The attached proof of concept patch greatly improves the bloat for both the insert and the update cases. You need to turn on both features: adding the pages to fsm, and vacuuming the fsm, to get the benefit (so JJ_GIN=3). The first of those two things could probably be adopted for real, but the second probably is not acceptable. What is the right way to do this? Could a variant of RecordFreeIndexPage bubble the free space up `the map immediately rather than waiting for a vacuum? It would only have to move up until it found a page with freespace already recorded in it, which the vast majority of the time would mean observing up one level and then not writing to it, assuming the pending list pages remain well clustered.

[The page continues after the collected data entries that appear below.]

definition is_dist :: "('a::finite \<Rightarrow> real) \<Rightarrow> bool" where
  "is_dist p \<longleftrightarrow> (\<forall>x. p x \<ge> 0) \<and> (\<Sum>x\<in>UNIV. p x) = 1"

definition abs_cont :: "('a \<Rightarrow> real) \<Rightarrow> ('a \<Rightarrow> real) \<Rightarrow> bool" where
  "abs_cont p q \<longleftrightarrow> (\<forall>x. q x = 0 \<longrightarrow> p x = 0)"

definition fdiv :: "(real \<Rightarrow> real) \<Rightarrow> ('a::finite \<Rightarrow> real) \<Rightarrow> ('a \<Rightarrow> real) \<Rightarrow> real" where
  "fdiv h p q = (\<Sum>x\<in>UNIV. if q x = 0 then 0 else q x * h (p x / q x))"

definition KL :: "('a::finite \<Rightarrow> real) \<Rightarrow> ('a \<Rightarrow> real) \<Rightarrow> real" where
  "KL p q = (\<Sum>x\<in>UNIV. if p x = 0 then 0 else p x * ln (p x / q x))"

end

theory Submission
  imports Defs
begin

text \<open>
  A finite list of pairs \<open>(q x, p x / q x)\<close> describes the law, under \<open>q\<close>, of the likelihood
  ratio \<open>R = p / q\<close>; it has mean 1 and \<open>D\<^sub>f(p\<parallel>q) = E f(R)\<close>. The conditions on
  \<open>g = x\<^sup>2 f''\<close> make \<open>E f(R)\<close> submultiplicative under products of independent ratios
  (a concavity argument applied twice), so \<open>E f(R\<^sub>1\<cdots>R\<^sub>n) \<le> (E f(R))\<^sup>n\<close>. On the other
  hand \<open>E f(R\<^sub>1\<cdots>R\<^sub>n) \<ge> c (E R\<^sup>s)\<^sup>n\<close>, and letting \<open>n \<rightarrow> \<infinity>\<close> gives \<open>E R\<^sup>s \<le> E f(R)\<close>.
  Jensen's inequality for \<open>exp\<close> finally gives
  \<open>E R\<^sup>s = E\<^sub>p exp((s - 1) ln R) \<ge> exp((s - 1) D\<^sub>K\<^sub>L(p\<parallel>q))\<close>.
\<close>

definition expect :: "(real \<times> real) list \<Rightarrow> (real \<Rightarrow> real) \<Rightarrow> real" where
  "expect L \<phi> = (\<Sum>(w, r)\<leftarrow>L. w * \<phi> r)"

definition ratio_law :: "real set \<Rightarrow> (real \<times> real) list \<Rightarrow> bool" where
  "ratio_law S L \<longleftrightarrow> (\<forall>(w, r)\<in>set L. 0 \<le> w \<and> r \<in> S) \<and> expect L (\<lambda>_. 1) = 1 \<and> expect L (\<lambda>r. r) = 1"
lemma F_div_power_le:
  assumes "2 \<le> N"
  shows "F N / L ^ N \<le> \<omega> N * (R (N - 1) + 1) + (M + 1) / L * R (N - 1)"
proof -
  have "A (N - 1) / L ^ N \<le> S (N - 1) / L ^ N"
    using A_le_S[of "N - 1"] assms L_power_pos[of N] by (simp add: divide_right_mono)
  also have "\<dots> = R (N - 1) / L" using S_div_power[of N] assms by simp
  also have "\<dots> \<le> R (N - 1) / 1"
    using R_nonneg L_ge_2 by (intro divide_left_mono) auto
  finally have "A (N - 1) / L ^ N \<le> R (N - 1)" by simp
  have "A (N - 1) powr c / L ^ N \<le> (A (N - 1) / L ^ N + 1) * (L ^ N) powr (c - 1)"
    using assms by (intro powr_div_le A_nonneg L_power_pos c_pos c_less_1) simp
  also have "\<dots> \<le> (R (N - 1) + 1) * (L ^ N) powr (c - 1)"
    using \<open>A (N - 1) / L ^ N \<le> R (N - 1)\<close> by (intro mult_right_mono) auto
  finally have "A (N - 1) powr c / L ^ N \<le> (R (N - 1) + 1) * (L ^ N) powr (c - 1)" .
  then have "real N ^ 2 * (A (N - 1) powr c / L ^ N)
      \<le> real N ^ 2 * ((R (N - 1) + 1) * (L ^ N) powr (c - 1))"
    by (rule mult_left_mono) simp
  also have "\<dots> = \<omega> N * (R (N - 1) + 1)"
    using L_ge_2 by (simp add: \<omega>_def power_powr_eq_powr_power)
  finally have "real N ^ 2 * (A (N - 1) powr c / L ^ N) \<le> \<omega> N * (R (N - 1) + 1)" .
  moreover have "F N / L ^ N = real N ^ 2 * (A (N - 1) powr c / L ^ N) + (M + 1) * (S (N - 1) / L ^ N)"
    by (simp add: F_def add_divide_distrib)
  moreover have "(M + 1) * (S (N - 1) / L ^ N) = (M + 1) / L * R (N - 1)"
    using S_div_power[of N] assms by simp
  ultimately show ?thesis by linarith
qed

lemma \<omega>_nonneg: "0 \<le> \<omega> N"
  by (simp add: \<omega>_def)

lemma \<psi>_nonneg: "0 \<le> \<psi> N"
  by (simp add: \<psi>_def)

lemma summable_\<omega>: "summable \<omega>"
  unfolding \<omega>_def
  using L_ge_2 c_less_1 by (intro summable_power_mult_geometric powr_less_one) auto

lemma \<omega>_le_1: "\<forall>\<^sub>F N in sequentially. \<omega> N \<le> 1"
  using order_tendstoD(2)[OF summable_LIMSEQ_zero[OF summable_\<omega>], of 1] by (auto elim: eventually_mono)

lemma summable_\<psi>: "summable \<psi>"
  unfolding \<psi>_def using L_ge_2 kappa_less_1 by (intro summable_geometric) (simp add: powr_less_one)

lemma summable_inverse_power: "summable (\<lambda>N. 1 / L ^ N)"
  using summable_geometric[of "1 / L"] L_ge_2 by (simp add: power_one_over)

lemma S_before_m_le:
  assumes "1 \<le> N" "N + l \<le> m N"
  shows "S (N - 1 + l) \<le> S (N - 1) + real l * (2 / \<theta> * A N)"
proof -
  have "A (N - 1 + 1 + i) \<le> 2 / \<theta> * A N" if "i < l" for i
    using A_before_m[of N "N + i"] assms that by simp
  then have "(\<Sum>i<l. A (N - 1 + 1 + i)) \<le> (\<Sum>i<l. 2 / \<theta> * A N)"
    by (intro sum_mono) simp
  then show ?thesis by (simp add: S_add)
qed

definition l\<^sub>0 :: nat where
  "l\<^sub>0 = (LEAST l\<^sub>0. 1 \<le> l\<^sub>0 \<and> (\<forall>l\<ge>l\<^sub>0. 8 * real l * L \<le> \<theta>\<^sup>2 * L ^ l))"

lemma l\<^sub>0_spec: "1 \<le> l\<^sub>0 \<and> (\<forall>l\<ge>l\<^sub>0. 8 * real l * L \<le> \<theta>\<^sup>2 * L ^ l)"
proof -
  have "\<forall>\<^sub>F l in sequentially. 8 * real l * L \<le> \<theta>\<^sup>2 * L ^ l"
    using L_ge_2 theta_pos by real_asymp
  then obtain l\<^sub>1 where "\<forall>l\<ge>l\<^sub>1. 8 * real l * L \<le> \<theta>\<^sup>2 * L ^ l"
    by (auto simp: eventually_sequentially)
  then have "\<exists>l\<^sub>0. 1 \<le> l\<^sub>0 \<and> (\<forall>l\<ge>l\<^sub>0. 8 * real l * L \<le> \<theta>\<^sup>2 * L ^ l)"
    by (intro exI[of _ "max 1 l\<^sub>1"]) auto
  then show ?thesis unfolding l\<^sub>0_def by (rule LeastI_ex)
qed

end

section \<open>A lower bound on the weighted tail forces bounded growth\<close>

locale sparse_series_lower_tail = sparse_series +
  fixes \<delta> :: real
  assumes delta_pos: "0 < \<delta>"
    and weighted_tail_lower: "\<forall>\<^sub>F N in sequentially. \<delta> < 2 powr F N * T N"
begin

definition C :: real where "C = \<bar>log 2 (\<delta> / Z)\<bar>"

lemma theta_A_le_F: "\<forall>\<^sub>F N in sequentially. \<theta> * A N \<le> F N + C"
  using weighted_tail_lower T_le
proof eventually_elim
  case (elim N)
  have "\<delta> < 2 powr F N * (2 powr (- \<theta> * A N) * Z)"
    using elim by (meson less_le_trans mult_left_mono powr_ge_zero)
  also have "\<dots> = 2 powr (F N - \<theta> * A N) * Z"
    by (simp add: powr_diff powr_minus_divide)
  finally have "\<delta> / Z < 2 powr (F N - \<theta> * A N)"
    using Z_ge_1 by (simp add: pos_divide_less_eq)
  then have "log 2 (\<delta> / Z) < F N - \<theta> * A N"
    using delta_pos Z_ge_1 by (subst log_less_iff) auto
  then show ?case unfolding C_def by linarith
qed

lemma r_le: "\<forall>\<^sub>F N in sequentially. r N \<le> (2 * R (N - 1) + \<omega> N + C / L ^ N) / \<theta>"
  using theta_A_le_F \<omega>_le_1 eventually_ge_at_top[of 2]
proof eventually_elim
  case (elim N)
  have "\<theta> * r N \<le> (F N + C) / L ^ N"
    using elim(1) L_power_pos[of N] by (simp add: r_def divide_right_mono)
  also have "\<dots> \<le> \<omega> N * (R (N - 1) + 1) + (M + 1) / L * R (N - 1) + C / L ^ N"
    using F_div_power_le[OF elim(3)] by (simp add: add_divide_distrib)
  also have "\<dots> \<le> 2 * R (N - 1) + \<omega> N + C / L ^ N"
  proof -
    have "\<omega> N * R (N - 1) \<le> R (N - 1)"
      using elim(2) \<omega>_nonneg R_nonneg by (intro mult_left_le_one_le)
    moreover have "(M + 1) / L * R (N - 1) \<le> R (N - 1)"
      using M_nonneg R_nonneg by (intro mult_left_le_one_le) (auto simp: L_def)
    ultimately show ?thesis by (simp add: distrib_left)
  qed
  finally show ?case using theta_pos by (simp add: pos_le_divide_eq mult.commute)
qed

lemma r_le_const: "\<forall>\<^sub>F N in sequentially. r N \<le> (2 * R (N - 1) + 1 + C) / \<theta>"
  using r_le \<omega>_le_1
proof eventually_elim
  case (elim N)
  have "C / L ^ N \<le> C / 1"
    using L_ge_2 by (intro divide_left_mono one_le_power) (auto simp: C_def)
  then have "2 * R (N - 1) + \<omega> N + C / L ^ N \<le> 2 * R (N - 1) + 1 + C"
    using elim(2) by simp
  then show ?case
    using elim(1) theta_pos by (meson divide_right_mono less_imp_le order_trans)
qed

lemma r_before_m_le:
  "\<forall>\<^sub>F N in sequentially.
     \<forall>n. N \<le> n \<longrightarrow> n < m N \<longrightarrow> r n \<le> 4 / \<theta>\<^sup>2 * R (N - 1) + 2 / \<theta>\<^sup>2 * (1 + C)"
  using r_le_const eventually_ge_at_top[of 1]
proof eventually_elim
  case (elim N)
  show ?case
  proof (intro allI impI)
    fix n assume n: "N \<le> n" "n < m N"
    have "r n \<le> (2 / \<theta> * A N) / L ^ N"
      unfolding r_def using A_before_m[OF n] A_nonneg[of N] elim(2) theta_pos L_power_pos n(1) L_ge_2
      by (intro frac_le power_increasing) auto
    also have "\<dots> = 2 / \<theta> * r N" by (simp add: r_def)
    also have "\<dots> \<le> 2 / \<theta> * ((2 * R (N - 1) + 1 + C) / \<theta>)"
      using elim(1) theta_pos by (intro mult_left_mono) auto
    also have "\<dots> = 4 / \<theta>\<^sup>2 * R (N - 1) + 2 / \<theta>\<^sup>2 * (1 + C)"
      using theta_pos by (simp add: field_simps power2_eq_square)
    finally show "r n \<le> 4 / \<theta>\<^sup>2 * R (N - 1) + 2 / \<theta>\<^sup>2 * (1 + C)" .
  qed
qed

text \<open>\<open>\<Lambda>\<close> makes both parts of the tail at a jump, the block and what follows it, smaller than
  \<open>\<delta> / 2\<close> unless the block is longer than \<open>l\<^sub>0\<close>.\<close>

definition \<Lambda> :: real where "\<Lambda> = \<bar>log 2 (\<delta> / (2 * Z))\<bar> + \<bar>log 2 (\<delta> / (2 * real l\<^sub>0))\<bar>"

definition jump :: "nat \<Rightarrow> bool" where "jump N \<longleftrightarrow> F N + (2 / \<theta> * A N) powr \<kappa> + \<Lambda> \<le> A N"

definition \<beta> :: "nat \<Rightarrow> real" where "\<beta> N = \<omega> N + 4 / \<theta>\<^sup>2 * \<psi> N"
definition \<gamma> :: "nat \<Rightarrow> real" where
  "\<gamma> N = \<omega> N + (1 + 2 / \<theta>\<^sup>2 * (1 + C)) * \<psi> N + \<Lambda> / L ^ N + C / L ^ N"

lemma C_nonneg: "0 \<le> C" and \<Lambda>_nonneg: "0 \<le> \<Lambda>"
  by (simp_all add: C_def \<Lambda>_def)

lemma \<beta>_nonneg: "0 \<le> \<beta> N"
  using \<omega>_nonneg \<psi>_nonneg by (simp add: \<beta>_def)

lemma \<gamma>_nonneg: "0 \<le> \<gamma> N"
  using \<omega>_nonneg \<psi>_nonneg C_nonneg \<Lambda>_nonneg L_power_pos[of N] by (simp add: \<gamma>_def)

lemma summable_\<beta>: "summable \<beta>"
  unfolding \<beta>_def by (intro summable_add summable_mult summable_\<omega> summable_\<psi>)

lemma summable_\<gamma>: "summable \<gamma>"
proof -
  have "summable (\<lambda>N. x / L ^ N)" for x
    using summable_mult[OF summable_inverse_power, of x] by simp
  then show ?thesis
    unfolding \<gamma>_def by (intro summable_add summable_mult summable_\<omega> summable_\<psi>)
qed

lemma quarter_le_\<gamma>: "(\<omega> N + C / L ^ N) / 4 \<le> \<gamma> N"
proof -
  have quarter: "(x + y) / 4 \<le> x + z + w + y"
    if "0 \<le> x" "0 \<le> y" "0 \<le> z" "0 \<le> w" for x y z w :: real
    using that by simp
  show ?thesis
    unfolding \<gamma>_def
    by (rule quarter) (use \<omega>_nonneg \<psi>_nonneg C_nonneg \<Lambda>_nonneg L_power_pos[of N] in simp_all)
qed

You make a good case for action here since insert only tables with GIN indexes on text are a common use case for GIN.
Why would vacuuming the FSM be unacceptable? With a large gin_pending_list_limit it makes sense.
But with a smallish gin_pending_list_limit (like the default 4MB) this could be called a lot (multiple times a second during some spurts), and would read the entire fsm each time.
If it is unacceptable, perhaps we can avoid calling it every time, or simply have FreeSpaceMapVacuum() terminate more quickly on some kind of 80/20 heuristic for this case.
Or maybe it could be passed a range of blocks which need vacuuming, so it concentrated on that range.
But from the README file, it sounds like it is already supposed to be bubbling up. I'll have to see just whats going on there when I get a chance.
Before making changes to the FSM code to make immediate summarization possible, I decided to quantify the effect of vacuuming the entire fsm. Going up to 5 GB of index size, the time taken to vacuum the entire FSM one time for each GIN_NDELETE_AT_ONCE was undetectable.
Based on that, I made this patch which vacuums it one time per completed ginInsertCleanup, which should be far less than once per GIN_NDELETE_AT_ONCE.
I would be interested in hearing what people with very large GIN indexes think of it. It does seem like at some point the time needed must become large, but from what I can tell that point is way beyond what someone is likely to have for an index on an unpartitioned table.
I have a simple test case that inserts an array of 101 md5 digests into each row. With 10_000 of these rows inserted into an already indexed table, I get 40MB for the table and 80MB for the index unpatched. With the patch, I get 7.3 MB for the index.